De gigantesques vagues grises montent à l'assaut du rivage. Le long de la jetée, casinos, bars et hôtels clinquants qui accueillent chaque année plus de 30 millions de visiteurs sont barricadés derrière des planches et des sacs de sable.

A l'intérieur, les machines à sous alignées attendent en vain les joueurs. La musique d'ambiance retentit encore, entrecoupée d'encouragements à miser et miser encore. "Détendez-vous, faites-vous plaisir", promettent les slogans publicitaires.

Seuls signes de vie: des patrouilles de police en véhicules tout-terrain et une équipe de télévision dégoulinante de pluie qui filme sur la plage. Même les oiseaux ont disparu.

Mais les casinos fermés sont surveillés de près pour éviter les pillages.

John Conway, 70 ans, garde l'entrée du Caesar's dont les portes aux dorures fanées battent dans le vent malgré les chaînes qui les retiennent.
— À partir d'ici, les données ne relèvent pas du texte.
definition multirank :: "nat \<Rightarrow> (nat \<Rightarrow> overpartition) \<Rightarrow> int" where
  "multirank t F =
     (\<Sum>k\<in>{1..(t-1) div 2}. int k * (int (op_len (F k)) - int (op_len (F (t - k)))))"

definition Nbar :: "int \<Rightarrow> nat \<Rightarrow> nat \<Rightarrow> nat" where
  "Nbar i t n = card {F \<in> colored_overpartitions t n. [multirank t F = i] (mod int t)}"

end

theory Submission
  imports Defs "HOL-Computational_Algebra.Polynomial_FPS"
begin

text \<open>Weight a \<open>(t-1)\<close>-colored overpartition \<open>F\<close> by \<open>z\<^sup>r\<^sup>(\<^sup>F\<^sup>)\<close> for a \<open>t\<close>-th root of
  unity \<open>z\<close>. Recording, for each part size \<open>s\<close> and colour \<open>c\<close>, the multiplicity of \<open>s\<close> and
  whether it is overlined, the weighted count of the overpartitions of \<open>n\<close> becomes the \<open>n\<close>-th
  coefficient of \<open>\<Prod>\<^sub>s \<Prod>\<^sub>c (1 + z\<^sup>c q\<^sup>s) / (1 - z\<^sup>c q\<^sup>s)\<close>; only \<open>r(F) mod t\<close> matters.
  For \<open>z \<noteq> 1\<close> the \<open>z\<^sup>c\<close> run through all non-trivial \<open>t\<close>-th roots of unity, and the product
  collapses to a power series in \<open>q\<^sup>t\<close> times \<open>\<Prod>\<^sub>s (1 - q\<^sup>s) / (1 + q\<^sup>s)\<close>. By Gauss's identity,
  obtained here from a finite Jacobi triple product (Cauchy's q-binomial theorem), the latter has
  non-zero coefficients only at squares; as \<open>n - t j\<close> is a non-residue, hence never a square,
  the twisted count vanishes. Orthogonality of the roots of unity then gives
  \<open>t N(i, t, n) = p(n)\<close> for every \<open>i\<close>. For \<open>z = 1\<close> every factor is \<open>1 + 2(\<dots>)\<close>, so \<open>p(n)\<close>
  is even, and so is \<open>N(i, t, n)\<close> since \<open>t\<close> is odd.\<close>

unbundle fps_syntax

(* keeps identities between power series in q from being turned into polynomial identities *)
declare [[simproc del: poly_fps_eq]]

section \<open>Gaussian binomial coefficients\<close>

fun qbinom :: "'a::comm_ring_1 \<Rightarrow> nat \<Rightarrow> nat \<Rightarrow> 'a" where
  "qbinom Q 0 k = (if k = 0 then 1 else 0)"
| "qbinom Q (Suc N) k = qbinom Q N k + (if k = 0 then 0 else Q^(Suc N - k) * qbinom Q N (k-1))"

lemma qbinom_eq_0: "N < k \<Longrightarrow> qbinom Q N k = 0"
  by (induction N arbitrary: k) auto

lemma qbinom_0_right [simp]: "qbinom Q N 0 = 1"
  by (induction N) auto

lemma qbinomial_theorem:
  "(\<Sum>k\<le>N. (-1)^k * Q^(k*(k-1) div 2) * qbinom Q N k * z^k * w^(N-k)) = (\<Prod>i<N. w - z*Q^i)"
proof (induction N)
  case 0
  then show ?case by simp
next
  case (Suc N)
  define f where "f k = (-1)^k * Q^(k*(k-1) div 2) * qbinom Q N k * z^k * w^(N-k)" for k
  have old: "(\<Sum>k\<le>Suc N. (-1)^k * Q^(k*(k-1) div 2) * qbinom Q N k * z^k * w^(Suc N-k))
      = w * (\<Sum>k\<le>N. f k)"
    by (simp add: qbinom_eq_0 sum_distrib_left f_def Suc_diff_le mult_ac)
  have shifted: "(\<Sum>k\<le>Suc N. (-1)^k * Q^(k*(k-1) div 2)
        * (if k = 0 then 0 else Q^(Suc N - k) * qbinom Q N (k-1)) * z^k * w^(Suc N-k))
     = (\<Sum>k\<le>N. (-1)^(Suc k) * Q^(Suc k*k div 2) * (Q^(N - k) * qbinom Q N k) * z^(Suc k) * w^(N-k))"
    by (subst sum.atMost_Suc_shift) simp
  have new_term: "(-1)^(Suc k) * Q^(Suc k*k div 2) * (Q^(N - k) * qbinom Q N k) * z^(Suc k) * w^(N-k)
      = - (z * Q^N) * f k" if k: "k \<le> N" for k
  proof -
    have "Suc k * k = k*(k-1) + 2*k" by (cases k) auto
    hence "Suc k * k div 2 + (N - k) = k*(k-1) div 2 + N" using k by simp
    hence "Q^(Suc k*k div 2) * Q^(N - k) = Q^(k*(k-1) div 2) * Q^N"
      by (simp only: power_add[symmetric])
    thus ?thesis unfolding f_def by (simp add: algebra_simps)
  qed
  have "(\<Sum>k\<le>Suc N. (-1)^k * Q^(k*(k-1) div 2) * qbinom Q (Suc N) k * z^k * w^(Suc N-k))
     = (\<Sum>k\<le>Suc N. (-1)^k * Q^(k*(k-1) div 2) * qbinom Q N k * z^k * w^(Suc N-k))
     + (\<Sum>k\<le>Suc N. (-1)^k * Q^(k*(k-1) div 2)
         * (if k = 0 then 0 else Q^(Suc N - k) * qbinom Q N (k-1)) * z^k * w^(Suc N-k))"
    by (simp add: algebra_simps sum.distrib[symmetric])
  also have "\<dots> = w * (\<Sum>k\<le>N. f k) - (z * Q^N) * (\<Sum>k\<le>N. f k)"
    using old shifted new_term by (simp add: sum_distrib_left sum_negf)
  also have "\<dots> = (\<Prod>i<Suc N. w - z*Q^i)"
    using Suc by (simp add: f_def algebra_simps)
  finally show ?case .
qed

definition qpoch :: "'a::comm_ring_1 \<Rightarrow> nat \<Rightarrow> 'a" where
  "qpoch Q n = (\<Prod>i\<in>{1..n}. 1 - Q^i)"

lemma qpoch_0 [simp]: "qpoch Q 0 = 1"
  by (simp add: qpoch_def)

lemma qpoch_Suc: "qpoch Q (Suc n) = qpoch Q n * (1 - Q^Suc n)"
  by (simp add: qpoch_def)

lemma qbinom_qpoch: "k \<le> N \<Longrightarrow> qbinom Q N k * qpoch Q k * qpoch Q (N-k) = qpoch Q N"
proof (induction N arbitrary: k)
  case 0
  then show ?case by simp
next
  case (Suc N)
  consider "k = 0" | "k = Suc N" | k' where "k = Suc k'" "k \<le> N"
    using Suc.prems by (cases k) (auto simp: le_Suc_eq)
  then show ?case
  proof cases
    case 1
    then show ?thesis by simp
  next
    case 2
    have "qbinom Q N N * qpoch Q N = qpoch Q N" using Suc.IH[of N] by simp
    moreover have "qbinom Q (Suc N) (Suc N) = qbinom Q N N" using qbinom_eq_0[of N "Suc N" Q] by simp
    ultimately show ?thesis using 2 by (simp add: qpoch_Suc) (metis mult.assoc)
  next
    case (3 k')
    have k: "qbinom Q N k * qpoch Q k * qpoch Q (N-k) = qpoch Q N" using Suc.IH 3 by simp
    have k'_eq: "qbinom Q N k' * qpoch Q k' * qpoch Q (Suc N - k) = qpoch Q N"
      using Suc.IH[of k'] 3 by simp
    have "qbinom Q (Suc N) k * qpoch Q k * qpoch Q (Suc N - k)
        = (qbinom Q N k * qpoch Q k * qpoch Q (N-k)) * (1 - Q^(Suc N - k))
          + Q^(Suc N - k) * (qbinom Q N k' * qpoch Q k' * qpoch Q (Suc N - k)) * (1 - Q^k)"
    proof -
      have "qpoch Q (Suc N - k) = qpoch Q (N-k) * (1 - Q^(Suc N - k))"
        using 3(2) by (simp only: Suc_diff_le qpoch_Suc)
      moreover have "qpoch Q k = qpoch Q k' * (1 - Q^k)" using 3 by (simp add: qpoch_Suc)
      moreover have "qbinom Q (Suc N) k = qbinom Q N k + Q^(Suc N - k) * qbinom Q N k'"
        using 3 by simp
      ultimately show ?thesis by (simp only:) (simp add: algebra_simps)
    qed
    also have "\<dots> = qpoch Q N * (1 - Q^(Suc N - k) * Q^k)"
      unfolding k k'_eq by (simp add: algebra_simps)
    also have "Q^(Suc N - k) * Q^k = Q^(Suc N)" using 3(2) by (simp flip: power_add)
    finally show ?thesis by (simp add: qpoch_Suc)
  qed
qed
Vêtu d'un T-shirt marqué "sécurité", il évalue les risques en joueur averti. "Le pire serait qu'un immeuble s'effondre, c'est peu probable. Si ça doit vous tomber dessus, vous n'y pouvez rien. Si vous restez calme peut-être que vous y échapperez. La meilleure façon de mettre la chance de votre côté, c'est de ne pas jouer", philosophe-t-il.

Les irréductibles qui n'ont pas évacué la ville se pressaient lundi dans le dernier bar ouvert: Ducktown Tavern and Liquors, en fait le seul commerce de la ville encore opérationnel.

"Nous avons le soutien de la municipalité pour rester ouvert afin de nourrir la police, les pompiers, etc...", explique le patron, John Exadaktilos, 36 ans.

Une trentaine de personnes, la plupart des policiers, étaient accoudés au comptoir devant des assiettes de poulet frit et autres nourritures roboratives. Seul trace de Sandy à l'intérieur: la pluie qui brouille les vitres et les fuites d'eau du plafond, qui s'écoulent dans des cuvettes en plastique.

Chacun a une bonne raison de rester. Ben Markum, 35 ans, explique qu'il avait une fête à organiser pour Halloween et Pam Wolfe, 54 ans, qu'elle travaille à l'hôpital local. Quant à Dave King, 19 ans, resté avec son frère, "nous sommes des survivants, pour moi c'est un défi", dit-il.